I simply meant that it could be possible to have such kind of extensions (K-BFGS) where the user could choose addition techniques to get some advantage while running Krotov.
As they mention, it is beyond the scope of this paper and was merely a comment.
The code snippet in Section 2 run fine on my Mac.
Just a suggestion, or idea: in the table that is printed when running `krotov.optimize_pulses`, words could define the quantities at the beginning of the columns. Like, over
"J_T" have "final t. functional", in the next column "running cost", or similar, and so on. For an experienced krotov user this is trivial, but maybe for a newcomer it would help grasp what's happening.
- The Liouvillian is not explicitly introduced in Eq. (3), and it could be mentioned it is not a Hermitian matrix.
- Just as a suggestion, maybe the initial and target states expressions, present in Eq. (6), could be introduced in the relevant main text discussion occurring after Eq. (3), for redundancy between the general concept of optimal control and Krotov's.
- Now, after the equation reshuffling of Sec. 2.1, the shape function $S(t)$ is not defined when it is first introduced, immediately after Eq. (8).
- the small equal sign under the braces is a bit confusing and maybe not necessary
- The frequency $\omega$ and control pulse $\epsilon(t)$ could be introduced in Section 2.3 also before the code block, even if the control pulse concept has been introduced in the previous sections.
- After Eq. (12) on page 10, it would be clearer to cite `Results` as `qutip.Results`, otherwise it seems the Results are a krotov class.
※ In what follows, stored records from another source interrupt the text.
(* Let $q$ be a prime power, $a\in\mathbb{F}_q^*$, $n\ge 0$ an integer, and let $y\in\mathbb{F}_{q^2}$ with $y\neq 0$, $y^2\neq a$ and $2y\neq a$. Put $x=y(a-y)$. Then $$F_n(a,x)=\frac{a}{2y-a}\bigl(y^n-(a-y)^n\bigr).$$
   Context: For an integer $n\ge 1$, the $n$-th reversed Dickson polynomial of the third kind is $F_n(a,x)=\sum_{i=0}^{\lfloor n/2\rfloor}\frac{n-2i}{n-i}\binom{n-i}{i}(-x)^i a^{n-2i}$, where each coefficient $\frac{n-2i}{n-i}\binom{n-i}{i}$ is an integer (read in the field), and $F_0(a,x)=0$. *)

theory Defs
  imports "HOL-Computational_Algebra.Primes"
begin

text \<open>Integer coefficient (n-2i)/(n-i) * binom(n-i,i), computed exactly in nat
  (the division is exact for 0 <= i <= n div 2, n >= 1).\<close>
definition rd3_coeff :: "nat \<Rightarrow> nat \<Rightarrow> nat" where
  "rd3_coeff n i = ((n - 2*i) * ((n - i) choose i)) div (n - i)"

definition rev_dickson3 :: "nat \<Rightarrow> 'a::field \<Rightarrow> 'a \<Rightarrow> 'a" where
  "rev_dickson3 n a x =
     (if n = 0 then 0
      else (\<Sum>i = 0..n div 2. of_nat (rd3_coeff n i) * (- x) ^ i * a ^ (n - 2*i)))"

end

theory Submission
  imports Defs
begin

text \<open>For \<open>n \<ge> 1\<close> the coefficients of \<open>F_n\<close> are \<open>a\<close> times those of the reversed
  Dickson polynomial of the second kind \<open>E_(n-1)(a, x) = \<Sum>_i C(n-1-i, i) (-x)^i a^(n-1-2i)\<close>.
  Pascal's rule gives \<open>E_(m+2) = a E_(m+1) - x E_m\<close>, which for \<open>a = y + z\<close>, \<open>x = y z\<close> is the
  recurrence satisfied by \<open>(y^(m+1) - z^(m+1)) / (y - z)\<close>. Taking \<open>z = a - y\<close> gives the formula;
  of the hypotheses only \<open>2 y \<noteq> a\<close> is needed, and the identity holds in every field.\<close>

lemma rd3_coeff_eq_choose:
  assumes "1 \<le> n" and "2 * i \<le> n"
  shows "rd3_coeff n i = (n - 1 - i) choose i"
proof -
  have "(n - 2 * i) * ((n - i) choose i) = (n - i) * ((n - 1 - i) choose i)"
    using binomial_absorb_comp[of "n - i" i] assms by (simp add: diff_diff_add mult_2)
  then show ?thesis
    unfolding rd3_coeff_def using assms by simp
qed

definition dickson2_term :: "nat \<Rightarrow> 'a::comm_ring_1 \<Rightarrow> 'a \<Rightarrow> nat \<Rightarrow> 'a" where
  "dickson2_term n a x i = of_nat ((n - i) choose i) * (- x) ^ i * a ^ (n - 2 * i)"

text \<open>The terms with \<open>n div 2 < i \<le> n\<close> vanish, so summing up to \<open>n\<close> is harmless.\<close>
definition rev_dickson2 :: "nat \<Rightarrow> 'a::comm_ring_1 \<Rightarrow> 'a \<Rightarrow> 'a" where
  "rev_dickson2 n a x = (\<Sum>i\<le>n. dickson2_term n a x i)"

lemma dickson2_term_eq_0: "n < 2 * i \<Longrightarrow> dickson2_term n a x i = 0"
  unfolding dickson2_term_def by (simp add: binomial_eq_0)

lemma dickson2_term_Suc_Suc:
  "dickson2_term (Suc (Suc n)) a x (Suc i) =
     a * dickson2_term (Suc n) a x (Suc i) - x * dickson2_term n a x i"
proof (cases "i \<le> n")
  case True
  then have pascal: "(Suc n - i) choose Suc i = ((n - i) choose Suc i) + ((n - i) choose i)"
    by (simp add: Suc_diff_le)
  show ?thesis
  proof (cases "2 * i < n")
    case True
    then have "n - 2 * i = Suc (n - Suc (2 * i))" by simp
    then have "a ^ (n - 2 * i) = a * a ^ (n - Suc (2 * i))" by simp
    then show ?thesis
      by (simp add: dickson2_term_def pascal algebra_simps)
  next
    case False
    then have zero: "(n - i) choose Suc i = 0" by (simp add: binomial_eq_0)
    show ?thesis
      by (simp add: dickson2_term_def pascal zero)
  qed
next
  case False
  then show ?thesis by (simp add: dickson2_term_eq_0)
qed

lemma rev_dickson2_Suc_Suc:
  "rev_dickson2 (Suc (Suc n)) a x = a * rev_dickson2 (Suc n) a x - x * rev_dickson2 n a x"
proof -
  have drop_last: "(\<Sum>i\<le>Suc n. dickson2_term n a x i) = rev_dickson2 n a x"
    "(\<Sum>i\<le>Suc n. dickson2_term (Suc n) a x (Suc i)) = (\<Sum>i\<le>n. dickson2_term (Suc n) a x (Suc i))"
    by (simp_all add: rev_dickson2_def dickson2_term_eq_0)
  have "rev_dickson2 (Suc (Suc n)) a x =
      a ^ Suc (Suc n) + (\<Sum>i\<le>Suc n. dickson2_term (Suc (Suc n)) a x (Suc i))"
    unfolding rev_dickson2_def sum.atMost_Suc_shift[of _ "Suc n"] by (simp add: dickson2_term_def)
  also have "(\<Sum>i\<le>Suc n. dickson2_term (Suc (Suc n)) a x (Suc i)) =
      a * (\<Sum>i\<le>Suc n. dickson2_term (Suc n) a x (Suc i)) - x * (\<Sum>i\<le>Suc n. dickson2_term n a x i)"
    by (simp only: dickson2_term_Suc_Suc sum_subtractf sum_distrib_left)
  also have "a ^ Suc (Suc n) + \<dots> =
      a * (a ^ Suc n + (\<Sum>i\<le>n. dickson2_term (Suc n) a x (Suc i))) - x * rev_dickson2 n a x"
    unfolding drop_last by (simp add: algebra_simps)
  also have "a ^ Suc n + (\<Sum>i\<le>n. dickson2_term (Suc n) a x (Suc i)) = rev_dickson2 (Suc n) a x"
    unfolding rev_dickson2_def sum.atMost_Suc_shift[of _ n] by (simp add: dickson2_term_def)
  finally show ?thesis .
qed

lemma rev_dickson2_closed_form:
  fixes y z :: "'a::comm_ring_1"
  shows "(y - z) * rev_dickson2 n (y + z) (y * z) = y ^ Suc n - z ^ Suc n"
proof (induction n rule: induct_nat_012)
  case (ge2 n)
  then show ?case
    by (simp only: rev_dickson2_Suc_Suc right_diff_distrib mult.left_commute[of "y - z"])
       (simp add: algebra_simps)
qed (simp_all add: rev_dickson2_def dickson2_term_def algebra_simps power2_eq_square)

lemma rev_dickson3_Suc:
  fixes a x :: "'a::field"
  shows "rev_dickson3 (Suc n) a x = a * rev_dickson2 n a x"
proof -
  have "rev_dickson3 (Suc n) a x = (\<Sum>i = 0..Suc n div 2. a * dickson2_term n a x i)"
    unfolding rev_dickson3_def
  proof (simp, intro sum.cong refl)
    fix i assume "i \<in> {0..Suc n div 2}"
    then have "2 * i \<le> Suc n" by auto
    then consider "2 * i \<le> n" | "2 * i = Suc n" by linarith
    then show "of_nat (rd3_coeff (Suc n) i) * (- x) ^ i * a ^ (Suc n - 2 * i) =
        a * dickson2_term n a x i"
    proof cases
      case 1
      then have "Suc n - 2 * i = Suc (n - 2 * i)" by simp
      then show ?thesis
        using 1 by (simp add: rd3_coeff_eq_choose dickson2_term_def mult_ac)
    next
      case 2
      then show ?thesis
        by (simp add: rd3_coeff_eq_choose dickson2_term_def binomial_eq_0)
    qed
  qed
  also have "\<dots> = a * rev_dickson2 n a x"
    unfolding rev_dickson2_def sum_distrib_left
    by (rule sum.mono_neutral_left) (auto simp: dickson2_term_eq_0)
  finally show ?thesis .
qed

theorem lemma2p2:
  fixes a y :: "'a::{field,finite}" and q p k n :: nat
  assumes "prime p" and "k \<ge> 1" and "q = p ^ k"
    and "card (UNIV :: 'a set) = q ^ 2"
    and "a ^ q = a" and "a \<noteq> 0"
    and "y \<noteq> 0" and "y ^ 2 \<noteq> a" and "2 * y \<noteq> a"
  shows "rev_dickson3 n a (y * (a - y)) = a / (2 * y - a) * (y ^ n - (a - y) ^ n)"
proof (cases n)
  case 0
  then show ?thesis by (simp add: rev_dickson3_def)
next
  case (Suc m)
  have "y - (a - y) = 2 * y - a" "y + (a - y) = a"
    by (simp_all add: algebra_simps)
  then have "(2 * y - a) * rev_dickson2 m a (y * (a - y)) = y ^ n - (a - y) ^ n"
    using rev_dickson2_closed_form[of y "a - y" m] Suc by simp
  moreover have "2 * y - a \<noteq> 0"
    using \<open>2 * y \<noteq> a\<close> by simp
  ultimately have "rev_dickson2 m a (y * (a - y)) = (y ^ n - (a - y) ^ n) / (2 * y - a)"
    by (metis nonzero_mult_div_cancel_left)
  then show ?thesis
    using Suc by (simp add: rev_dickson3_Suc times_divide_eq_left)
qed

end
I am a bit confused here, because looking at the code, there is a result.py file and a Result class defined therein, but running help(krotov.Result) prompts an error message; indeed help(opt_dynamics) tells it's a qutip.Result object from the mesolve dynamics.
- In references, Ref. 14 is missing volume and page, Ref. 29 "rydberg" needs capital R.
Just an idea (not something to address in resubmission): the print message during the optimization, instead of having start and end date and time, could just report the total running time.
Anonymous Report 2 on 2019-10-17 (Invited Report)
- Cite as: Anonymous, Report on arXiv:1902.11284v4, delivered 2019-10-16, doi: 10.21468/SciPost.Report.1237
1. The Krotov method is well-known in the optimal control community.
2. The addition of a high-quality open-source implementation is very welcome and could be of use to a large audience of both optimal control theoreticians and experimentalists.
3. The manuscript has been significantly revised and improved.
The manuscript is still short of a paragon of clarity.
The Authors have made significant changes to the manuscript, and as a result it is significantly improved.
It now clears the bar for publication.
No further changes are required prior to publication.
I would suggest the Authors consider tweaking the first page of section 2.2 (the discussion prior to eq. 6), as it is still not as clear as it can be. For example eq. 5 and the surrounding discussion
would probably be better if they appear after eq. 8. This is optional, and left to the Authors' discretion.